# Zero Matrix is Identity for Matrix Entrywise Addition over Ring

## Theorem

Let $\struct {R, +, \circ}$ be a ring.

Let $\map {\MM_R} {m, n}$ be a $m \times n$ matrix space over $R$.

Let $\mathbf 0_R = \sqbrk {0_R}_{m n}$ be the zero matrix of $\map {\MM_R} {m, n}$.
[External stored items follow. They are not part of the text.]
text \<open>At an interior point \<open>t\<^sub>0\<close> of the segment, for \<open>p\<close> real on the segment, the imaginary part of
  \<open>near_transform\<close> is the jump \<open>\<pi> p(t\<^sub>0)\<close> of the logarithmic part: all other terms are real.\<close>
lemma near_transform_real_point:
  assumes p: "p holomorphic_on D" "open D" "convex D"
    and ab: "complex_of_real ` {a..b} \<subseteq> D" and t0: "a < t0" "t0 < b"
    and real: "\<And>t. t \<in> {a..b} \<Longrightarrow> Im (p (of_real t)) = 0"
  shows "Im (near_transform p a b (of_real t0)) = pi * Re (p (of_real t0))"
proof -
  let ?T = "complex_of_real t0"
  have T: "?T \<in> D" using ab t0 by auto
  have "Im (integral (cbox a b) (\<lambda>t. integral (cbox 0 1) (\<lambda>u. deriv p (?T + of_real u * (of_real t - ?T))))) = 0"
  proof (rule Im_integral_real[of "{t0}"])
    fix t assume t: "t \<in> cbox a b - {t0}"
    have "of_real t \<in> D" "complex_of_real t \<noteq> ?T" using t ab by auto
    from difference_quotient_segment_integral[OF p T this]
    show "Im (integral (cbox 0 1) (\<lambda>u. deriv p (?T + of_real u * (of_real t - ?T)))) = 0"
      using real[of t] real[of t0] t t0 by (simp add: Im_divide)
  qed simp
  hence "Im (cauchy_regular p a b ?T) = 0" by (simp add: cauchy_regular_def)
  moreover have "Im (integral (cbox a b) (\<lambda>t. p (of_real t) / (?T + of_real t))) = 0"
    by (rule Im_integral_real[of "{}"]) (use real in \<open>auto simp: Im_divide\<close>)
  moreover have "log_window a b ?T = of_real (ln (t0 - a) - ln (b - t0)) + \<i> * pi"
    using t0 by (simp add: log_window_def Ln_of_real flip: of_real_diff)
  ultimately show ?thesis
    using real[of t0] t0 by (simp add: near_transform_def)
qed

lemma kernel_real_separation:
  fixes x a b s :: real
  assumes x: "x > 0" and xa: "x * a\<^sup>2 < 1" and xb: "1 < x * b\<^sup>2"
    and s: "s \<ge> 0" and sab: "s < a\<^sup>2 \<or> b\<^sup>2 < s"
  shows "min ((1 - x * a\<^sup>2) / (1 + a\<^sup>2)) ((x * b\<^sup>2 - 1) / (1 + b\<^sup>2)) * (1 + s) \<le> \<bar>1 - x * s\<bar>"
proof (cases "s < a\<^sup>2")
  case True
  have "(1 - x * a\<^sup>2) / (1 + a\<^sup>2) * (1 + s) \<le> 1 - x * s"
  proof -
    have "(1 - x * a\<^sup>2) * (1 + s) \<le> (1 - x * s) * (1 + a\<^sup>2)"
    proof -
      have "(1 - x * s) * (1 + a\<^sup>2) - (1 - x * a\<^sup>2) * (1 + s) = (a\<^sup>2 - s) * (1 + x)"
        by (simp add: algebra_simps)
      moreover have "(a\<^sup>2 - s) * (1 + x) \<ge> 0" using True x by auto
      ultimately show ?thesis by linarith
    qed
    moreover have "(1 - x * a\<^sup>2) / (1 + a\<^sup>2) * (1 + s) = (1 - x * a\<^sup>2) * (1 + s) / (1 + a\<^sup>2)" by simp
    moreover have "(1 + a\<^sup>2) > 0" by (simp add: add_pos_nonneg)
    ultimately show ?thesis by (simp add: pos_divide_le_eq)
  qed
  moreover have "min ((1 - x * a\<^sup>2) / (1 + a\<^sup>2)) ((x * b\<^sup>2 - 1) / (1 + b\<^sup>2)) * (1 + s) \<le> (1 - x * a\<^sup>2) / (1 + a\<^sup>2) * (1 + s)"
    using s by (intro mult_right_mono) auto
  ultimately show ?thesis by linarith
next
  case False
  hence sb: "s > b\<^sup>2" using sab by auto
  have "(x * b\<^sup>2 - 1) / (1 + b\<^sup>2) * (1 + s) \<le> x * s - 1"
  proof -
    have "(x * b\<^sup>2 - 1) * (1 + s) \<le> (x * s - 1) * (1 + b\<^sup>2)"
    proof -
      have "(x * s - 1) * (1 + b\<^sup>2) - (x * b\<^sup>2 - 1) * (1 + s) = (s - b\<^sup>2) * (1 + x)"
        by (simp add: algebra_simps)
      moreover have "(s - b\<^sup>2) * (1 + x) \<ge> 0" using sb x by auto
      ultimately show ?thesis by linarith
    qed
    moreover have "(x * b\<^sup>2 - 1) / (1 + b\<^sup>2) * (1 + s) = (x * b\<^sup>2 - 1) * (1 + s) / (1 + b\<^sup>2)" by simp
    moreover have "(1 + b\<^sup>2) > 0" by (simp add: add_pos_nonneg)
    ultimately show ?thesis by (simp add: pos_divide_le_eq)
  qed
  moreover have "min ((1 - x * a\<^sup>2) / (1 + a\<^sup>2)) ((x * b\<^sup>2 - 1) / (1 + b\<^sup>2)) * (1 + s) \<le> (x * b\<^sup>2 - 1) / (1 + b\<^sup>2) * (1 + s)"
    using s by (intro mult_right_mono) auto
  ultimately show ?thesis by linarith
qed

lemma kernel_separation_perturb:
  fixes z :: complex and x s c :: real
  assumes base: "c * (1 + s) \<le> \<bar>1 - x * s\<bar>" and s: "s \<ge> 0" and c: "c \<ge> 0"
    and z: "norm (z - of_real x) < c / 2"
  shows "c / 2 * (1 + s) \<le> norm (1 - z * of_real s)"
proof -
  have "1 - z * of_real s = of_real (1 - x * s) - (z - of_real x) * of_real s"
    by (simp add: algebra_simps)
  hence "norm (of_real (1 - x * s) :: complex) - norm ((z - of_real x) * of_real s) \<le> norm (1 - z * of_real s)"
    by (simp only: norm_triangle_ineq2)
  moreover have "norm ((z - of_real x) * of_real s) = norm (z - of_real x) * s"
    using s by (simp add: norm_mult)
  moreover have "norm (z - of_real x) * s \<le> c / 2 * s"
    using z s by (intro mult_right_mono) auto
  moreover have "c / 2 * (1 + s) = c / 2 + c / 2 * s" "c * (1 + s) = c + c * s"
    by (simp_all add: algebra_simps)
  ultimately show ?thesis using base s c by (simp only: norm_of_real)
qed

lemma off_window_nonzero:
  assumes "0 < a" "a \<le> b" and "off_window a b t \<noteq> 0"
  shows "t\<^sup>2 < a\<^sup>2 \<or> b\<^sup>2 < t\<^sup>2"
proof -
  have "t \<notin> {a..b}" "t \<notin> {-b..-a}"
    using assms by (auto simp: off_window_def split: split_indicator)
  hence "\<bar>t\<bar> < a \<or> b < \<bar>t\<bar>" using assms(1) by (auto simp: abs_if)
  thus ?thesis
  proof
    assume "\<bar>t\<bar> < a"
    hence "\<bar>t\<bar>\<^sup>2 < a\<^sup>2" by (intro power_strict_mono) auto
    thus ?thesis by simp
  next
    assume "b < \<bar>t\<bar>"
    hence "b\<^sup>2 < \<bar>t\<bar>\<^sup>2" using assms(1,2) by (intro power_strict_mono) auto
    thus ?thesis by simp
  qed
qed

lemma window_separation:
  fixes x a b :: real
  assumes x: "x > 0" and ab: "0 < a" "a \<le> b" and xa: "x * a\<^sup>2 < 1" and xb: "1 < x * b\<^sup>2"
  obtains c where "window_separated (ball (of_real x) c) a b c"
proof
  define c where "c = min ((1 - x * a\<^sup>2) / (1 + a\<^sup>2)) ((x * b\<^sup>2 - 1) / (1 + b\<^sup>2)) / 2"
  have c: "c > 0" using xa xb by (auto simp: c_def add_pos_nonneg)
  have "c * (1 + t\<^sup>2) \<le> norm (1 - z * of_real (t\<^sup>2))"
    if z: "z \<in> ball (of_real x) c" and t: "off_window a b t \<noteq> 0" for z :: complex and t
  proof -
    have "(2 * c) * (1 + t\<^sup>2) \<le> \<bar>1 - x * t\<^sup>2\<bar>"
      using kernel_real_separation[OF x xa xb _ off_window_nonzero[OF ab t]] by (simp add: c_def)
    moreover have "norm (z - of_real x) < (2 * c) / 2"
      using z by (simp add: dist_norm norm_minus_commute)
    ultimately show ?thesis using kernel_separation_perturb[of "2 * c" "t\<^sup>2" x z] c by simp
  qed
  thus "window_separated (ball (of_real x) c) a b c"
    using c by (auto simp: window_separated_def)
qed

lemma levy_kernel_even: "levy_kernel z (- t) = levy_kernel z t"
  by (simp add: levy_kernel_def)

lemma levy_kernel_denominator_bound:
  assumes z: "Im z > 0" and t: "t \<noteq> 0"
  shows "1 - z * complex_of_real (t\<^sup>2) \<noteq> 0" "Im z * t\<^sup>2 \<le> norm (1 - z * complex_of_real (t\<^sup>2))"
proof -
  have "\<bar>Im (1 - z * complex_of_real (t\<^sup>2))\<bar> \<le> norm (1 - z * complex_of_real (t\<^sup>2))"
    by (rule abs_Im_le_cmod)
  thus le: "Im z * t\<^sup>2 \<le> norm (1 - z * complex_of_real (t\<^sup>2))" using z by simp
  moreover have "Im z * t\<^sup>2 > 0" using z t by simp
  ultimately show "1 - z * complex_of_real (t\<^sup>2) \<noteq> 0" by auto
qed

lemma levy_kernel_continuous_on:
  assumes "Im z > 0" "0 \<notin> S"
  shows "continuous_on S (levy_kernel z)"
proof -
  have "1 - z * complex_of_real (t\<^sup>2) \<noteq> 0" if "t \<in> S" for t
  proof -
    have "t \<noteq> 0" using assms(2) that by auto
    thus ?thesis by (rule levy_kernel_denominator_bound(1)[OF assms(1)])
  qed
  thus ?thesis unfolding levy_kernel_def by (intro continuous_intros) simp_all
qed
lemma perp_component:
  assumes "v \<in> l2" "qf v = 1" "w \<in> l2"
  defines "c \<equiv> bf v w / 2"
  shows "(\<lambda>i. w i + (- c) * v i) \<in> perp v"
    and "vec w = vec (\<lambda>i. w i + (- c) * v i) + sc c * vec v"
proof -
  have "bf v (\<lambda>i. w i + (- c) * v i) = 0"
    unfolding bf_lincomb_right[OF assms(1,3,1)] using assms(1,2) by (simp add: bf_self c_def)
  then show "(\<lambda>i. w i + (- c) * v i) \<in> perp v"
    using l2_lincomb[OF assms(3,1), of "- c"] by (simp add: perp_def)
  have "vec (\<lambda>i. w i + (- c) * v i) = vec w + sc (- c) * vec v"
    using assms(3,1) by (rule vec_lincomb)
  also have "sc (- c) * vec v = - (sc c * vec v)"
    by (simp add: sc_uminus)
  finally show "vec w = vec (\<lambda>i. w i + (- c) * v i) + sc c * vec v"
    by simp
qed

section \<open>Homogeneous elements\<close>

text \<open>cl_homog U True and cl_homog U False are Cl(U,f)_0 and Cl(U,f)_1.\<close>
inductive cl_homog :: "(nat \<Rightarrow> complex) set \<Rightarrow> bool \<Rightarrow> cl \<Rightarrow> bool" for U where
  one: "cl_homog U True 1"
| vec_mult: "w \<in> U \<Longrightarrow> cl_homog U p x \<Longrightarrow> cl_homog U (\<not> p) (vec w * x)"
| zero: "cl_homog U p 0"
| add: "cl_homog U p x \<Longrightarrow> cl_homog U p y \<Longrightarrow> cl_homog U p (x + y)"
| scal: "cl_homog U p x \<Longrightarrow> cl_homog U p (sc c * x)"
Then $\mathbf 0_R$ is the identity element for matrix entrywise addition.

## Proof 1

Let $\mathbf A = \sqbrk a_{m n} \in \map {\MM_R} {m, n}$.

Then:

 $\ds \mathbf A + \mathbf 0_R$ $=$ $\ds \sqbrk a_{m n} + \sqbrk {0_R}_{m n}$ Definition of $\mathbf A$ and $\mathbf 0_R$ $\ds$ $=$ $\ds \sqbrk {a + 0_R}_{m n}$ Definition of Matrix Entrywise Addition $\ds$ $=$ $\ds \sqbrk a_{m n}$ Ring Axiom $\text A3$: Identity for Addition is $0_R$ $\ds \leadsto \ \$ $\ds \mathbf A + \mathbf 0_R$ $=$ $\ds \mathbf A$ Definition of Zero Matrix over Ring

Similarly:

 $\ds \mathbf 0_R + \mathbf A$ $=$ $\ds \sqbrk {0_R}_{m n} + \sqbrk a_{m n}$ Definition of $\mathbf A$ and $\mathbf 0_R$ $\ds$ $=$ $\ds \sqbrk {0_R + a}_{m n}$ Definition of Matrix Entrywise Addition $\ds$ $=$ $\ds \sqbrk a_{m n}$ Ring Axiom $\text A3$: Identity for Addition is $0_R$ $\ds \leadsto \ \$ $\ds \mathbf 0_R + \mathbf A$ $=$ $\ds \mathbf A$ Definition of Zero Matrix over Ring

$\blacksquare$

## Proof 2

We have from Ring Axiom $\text A3$: Identity for Addition that the identity element of ring addition is the ring zero $0_R$.
$\blacksquare$